**EXERCISE INSTRUCTIONS**
Return, in their exact form, the lines that lie between the start of the data below and the line containing "The quadratic form", with both ends included.

=-=-=-=-=

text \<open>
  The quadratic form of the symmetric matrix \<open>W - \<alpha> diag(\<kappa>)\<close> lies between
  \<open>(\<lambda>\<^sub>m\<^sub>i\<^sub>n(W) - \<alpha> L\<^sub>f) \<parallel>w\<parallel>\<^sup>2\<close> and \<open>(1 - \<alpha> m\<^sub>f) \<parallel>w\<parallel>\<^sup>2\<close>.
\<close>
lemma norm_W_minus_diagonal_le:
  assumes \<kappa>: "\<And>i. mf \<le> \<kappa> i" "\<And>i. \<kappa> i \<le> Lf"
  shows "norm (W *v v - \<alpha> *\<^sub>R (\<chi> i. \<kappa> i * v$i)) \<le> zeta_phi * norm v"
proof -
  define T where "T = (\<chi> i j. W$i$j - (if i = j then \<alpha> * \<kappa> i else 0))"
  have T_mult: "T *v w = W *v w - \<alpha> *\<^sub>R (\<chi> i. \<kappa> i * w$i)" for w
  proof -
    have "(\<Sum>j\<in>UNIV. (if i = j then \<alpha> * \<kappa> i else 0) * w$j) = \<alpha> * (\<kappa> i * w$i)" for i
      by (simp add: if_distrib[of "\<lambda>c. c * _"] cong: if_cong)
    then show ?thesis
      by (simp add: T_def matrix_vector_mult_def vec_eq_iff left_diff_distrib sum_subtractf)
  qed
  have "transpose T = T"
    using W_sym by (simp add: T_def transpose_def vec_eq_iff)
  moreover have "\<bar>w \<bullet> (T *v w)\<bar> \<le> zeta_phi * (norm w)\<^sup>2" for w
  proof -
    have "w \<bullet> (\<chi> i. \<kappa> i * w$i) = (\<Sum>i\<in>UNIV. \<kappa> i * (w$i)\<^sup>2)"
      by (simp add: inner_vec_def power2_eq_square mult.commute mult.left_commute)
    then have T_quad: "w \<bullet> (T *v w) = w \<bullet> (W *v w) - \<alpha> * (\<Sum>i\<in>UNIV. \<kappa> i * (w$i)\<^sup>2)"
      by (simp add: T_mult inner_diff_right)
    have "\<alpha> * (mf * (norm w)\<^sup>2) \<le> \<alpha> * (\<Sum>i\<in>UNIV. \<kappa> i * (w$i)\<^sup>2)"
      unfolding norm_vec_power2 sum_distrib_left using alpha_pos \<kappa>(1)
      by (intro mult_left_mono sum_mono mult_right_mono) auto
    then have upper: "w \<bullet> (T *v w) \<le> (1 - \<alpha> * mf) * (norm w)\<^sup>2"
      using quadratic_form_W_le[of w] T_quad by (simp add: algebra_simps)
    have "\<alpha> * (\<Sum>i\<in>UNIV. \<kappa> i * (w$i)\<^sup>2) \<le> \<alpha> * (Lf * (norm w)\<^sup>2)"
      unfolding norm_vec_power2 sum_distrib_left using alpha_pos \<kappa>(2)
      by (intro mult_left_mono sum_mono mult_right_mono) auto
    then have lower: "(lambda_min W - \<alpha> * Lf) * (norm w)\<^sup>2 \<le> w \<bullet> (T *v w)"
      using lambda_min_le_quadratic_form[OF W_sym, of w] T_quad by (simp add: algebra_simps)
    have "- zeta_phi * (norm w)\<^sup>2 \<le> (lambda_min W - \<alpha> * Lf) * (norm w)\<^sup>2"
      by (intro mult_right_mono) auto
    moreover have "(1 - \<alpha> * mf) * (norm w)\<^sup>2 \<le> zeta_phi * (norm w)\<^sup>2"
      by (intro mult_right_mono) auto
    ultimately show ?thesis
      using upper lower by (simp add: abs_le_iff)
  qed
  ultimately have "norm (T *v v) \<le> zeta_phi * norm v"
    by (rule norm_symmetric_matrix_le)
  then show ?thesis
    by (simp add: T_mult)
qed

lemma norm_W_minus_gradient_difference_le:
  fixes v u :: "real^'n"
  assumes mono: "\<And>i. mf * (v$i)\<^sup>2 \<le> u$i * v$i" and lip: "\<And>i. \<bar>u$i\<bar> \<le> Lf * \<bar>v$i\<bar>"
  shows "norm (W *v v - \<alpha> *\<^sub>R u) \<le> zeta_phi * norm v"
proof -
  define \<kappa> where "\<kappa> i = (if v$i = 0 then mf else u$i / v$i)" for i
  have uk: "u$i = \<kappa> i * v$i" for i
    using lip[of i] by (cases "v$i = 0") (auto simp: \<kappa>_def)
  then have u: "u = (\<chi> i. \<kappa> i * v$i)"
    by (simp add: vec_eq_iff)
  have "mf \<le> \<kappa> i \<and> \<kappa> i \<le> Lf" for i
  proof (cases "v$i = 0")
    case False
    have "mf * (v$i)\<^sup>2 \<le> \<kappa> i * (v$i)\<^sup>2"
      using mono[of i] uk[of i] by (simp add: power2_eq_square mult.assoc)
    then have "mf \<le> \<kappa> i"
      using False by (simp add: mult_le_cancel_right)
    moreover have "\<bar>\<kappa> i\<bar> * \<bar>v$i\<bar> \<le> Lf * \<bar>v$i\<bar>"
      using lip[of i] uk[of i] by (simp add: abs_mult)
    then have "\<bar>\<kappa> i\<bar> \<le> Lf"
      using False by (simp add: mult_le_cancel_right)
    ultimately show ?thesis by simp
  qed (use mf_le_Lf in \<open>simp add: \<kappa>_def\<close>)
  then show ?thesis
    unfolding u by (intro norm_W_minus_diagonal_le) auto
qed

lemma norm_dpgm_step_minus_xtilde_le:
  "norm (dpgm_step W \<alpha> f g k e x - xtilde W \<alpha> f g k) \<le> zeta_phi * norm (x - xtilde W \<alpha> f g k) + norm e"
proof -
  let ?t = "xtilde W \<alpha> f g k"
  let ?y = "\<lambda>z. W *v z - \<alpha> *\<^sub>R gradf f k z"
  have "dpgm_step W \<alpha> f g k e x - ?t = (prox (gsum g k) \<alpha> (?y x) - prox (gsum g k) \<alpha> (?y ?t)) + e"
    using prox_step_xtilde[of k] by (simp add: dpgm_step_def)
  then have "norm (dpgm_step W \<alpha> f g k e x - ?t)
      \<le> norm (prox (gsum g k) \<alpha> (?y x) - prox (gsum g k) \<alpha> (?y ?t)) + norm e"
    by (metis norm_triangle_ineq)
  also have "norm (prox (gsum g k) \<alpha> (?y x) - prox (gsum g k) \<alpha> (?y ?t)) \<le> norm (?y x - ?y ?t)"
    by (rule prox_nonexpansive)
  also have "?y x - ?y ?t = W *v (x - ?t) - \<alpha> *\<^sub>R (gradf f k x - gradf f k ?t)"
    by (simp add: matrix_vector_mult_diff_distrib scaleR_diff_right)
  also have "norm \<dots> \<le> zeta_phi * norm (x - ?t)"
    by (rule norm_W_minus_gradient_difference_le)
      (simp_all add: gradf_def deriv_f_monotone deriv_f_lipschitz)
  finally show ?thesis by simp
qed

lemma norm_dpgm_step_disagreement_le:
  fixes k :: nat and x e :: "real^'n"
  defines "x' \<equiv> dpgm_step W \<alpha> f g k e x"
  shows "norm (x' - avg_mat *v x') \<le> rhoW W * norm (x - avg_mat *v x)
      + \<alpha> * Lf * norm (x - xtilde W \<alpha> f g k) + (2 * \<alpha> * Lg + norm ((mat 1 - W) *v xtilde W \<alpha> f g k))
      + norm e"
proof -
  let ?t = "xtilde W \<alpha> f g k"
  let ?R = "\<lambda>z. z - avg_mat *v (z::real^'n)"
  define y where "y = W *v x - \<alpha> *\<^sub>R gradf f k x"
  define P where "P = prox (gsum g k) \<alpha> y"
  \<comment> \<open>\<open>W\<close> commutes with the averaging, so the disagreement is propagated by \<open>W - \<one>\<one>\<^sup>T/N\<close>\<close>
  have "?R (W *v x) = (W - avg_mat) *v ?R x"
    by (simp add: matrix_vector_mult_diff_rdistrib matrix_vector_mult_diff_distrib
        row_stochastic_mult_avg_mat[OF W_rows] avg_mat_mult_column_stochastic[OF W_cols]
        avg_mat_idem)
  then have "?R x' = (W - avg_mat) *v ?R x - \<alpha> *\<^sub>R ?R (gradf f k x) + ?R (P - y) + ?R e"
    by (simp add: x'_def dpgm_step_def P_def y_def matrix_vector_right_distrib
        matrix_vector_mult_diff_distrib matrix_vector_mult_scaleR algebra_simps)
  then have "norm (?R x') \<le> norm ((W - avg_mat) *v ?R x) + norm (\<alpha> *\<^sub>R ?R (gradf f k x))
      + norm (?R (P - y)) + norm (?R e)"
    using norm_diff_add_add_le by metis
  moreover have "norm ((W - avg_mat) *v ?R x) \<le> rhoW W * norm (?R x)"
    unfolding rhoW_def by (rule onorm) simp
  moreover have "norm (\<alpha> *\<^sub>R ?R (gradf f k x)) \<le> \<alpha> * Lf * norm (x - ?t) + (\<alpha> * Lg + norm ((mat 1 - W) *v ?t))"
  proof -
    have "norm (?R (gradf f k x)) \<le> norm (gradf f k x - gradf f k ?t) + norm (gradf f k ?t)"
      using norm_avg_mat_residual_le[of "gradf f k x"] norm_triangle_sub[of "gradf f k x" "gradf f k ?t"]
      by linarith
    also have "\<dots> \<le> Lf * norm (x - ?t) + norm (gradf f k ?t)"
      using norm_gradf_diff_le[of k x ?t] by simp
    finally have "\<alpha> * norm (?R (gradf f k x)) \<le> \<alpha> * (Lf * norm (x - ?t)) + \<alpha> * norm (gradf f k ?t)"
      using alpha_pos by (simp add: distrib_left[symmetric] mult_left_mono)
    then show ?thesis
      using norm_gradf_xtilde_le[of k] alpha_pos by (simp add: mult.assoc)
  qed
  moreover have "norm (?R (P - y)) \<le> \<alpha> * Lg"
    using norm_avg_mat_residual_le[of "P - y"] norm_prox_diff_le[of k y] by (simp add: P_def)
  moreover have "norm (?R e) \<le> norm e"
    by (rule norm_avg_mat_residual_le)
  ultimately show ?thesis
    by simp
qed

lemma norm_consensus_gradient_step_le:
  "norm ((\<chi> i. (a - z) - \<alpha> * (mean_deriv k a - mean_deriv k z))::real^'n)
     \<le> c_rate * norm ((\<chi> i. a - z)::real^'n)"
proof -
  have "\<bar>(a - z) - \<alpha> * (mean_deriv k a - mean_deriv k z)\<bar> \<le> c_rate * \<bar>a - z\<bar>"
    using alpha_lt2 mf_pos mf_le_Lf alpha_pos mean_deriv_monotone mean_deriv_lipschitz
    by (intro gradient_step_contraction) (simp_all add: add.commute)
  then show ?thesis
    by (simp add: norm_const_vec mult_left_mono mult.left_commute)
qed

=-=-=-=-=

**FINAL ANSWER**
text \<open>
  The quadratic form of the symmetric matrix \<open>W - \<alpha> diag(\<kappa>)\<close> lies between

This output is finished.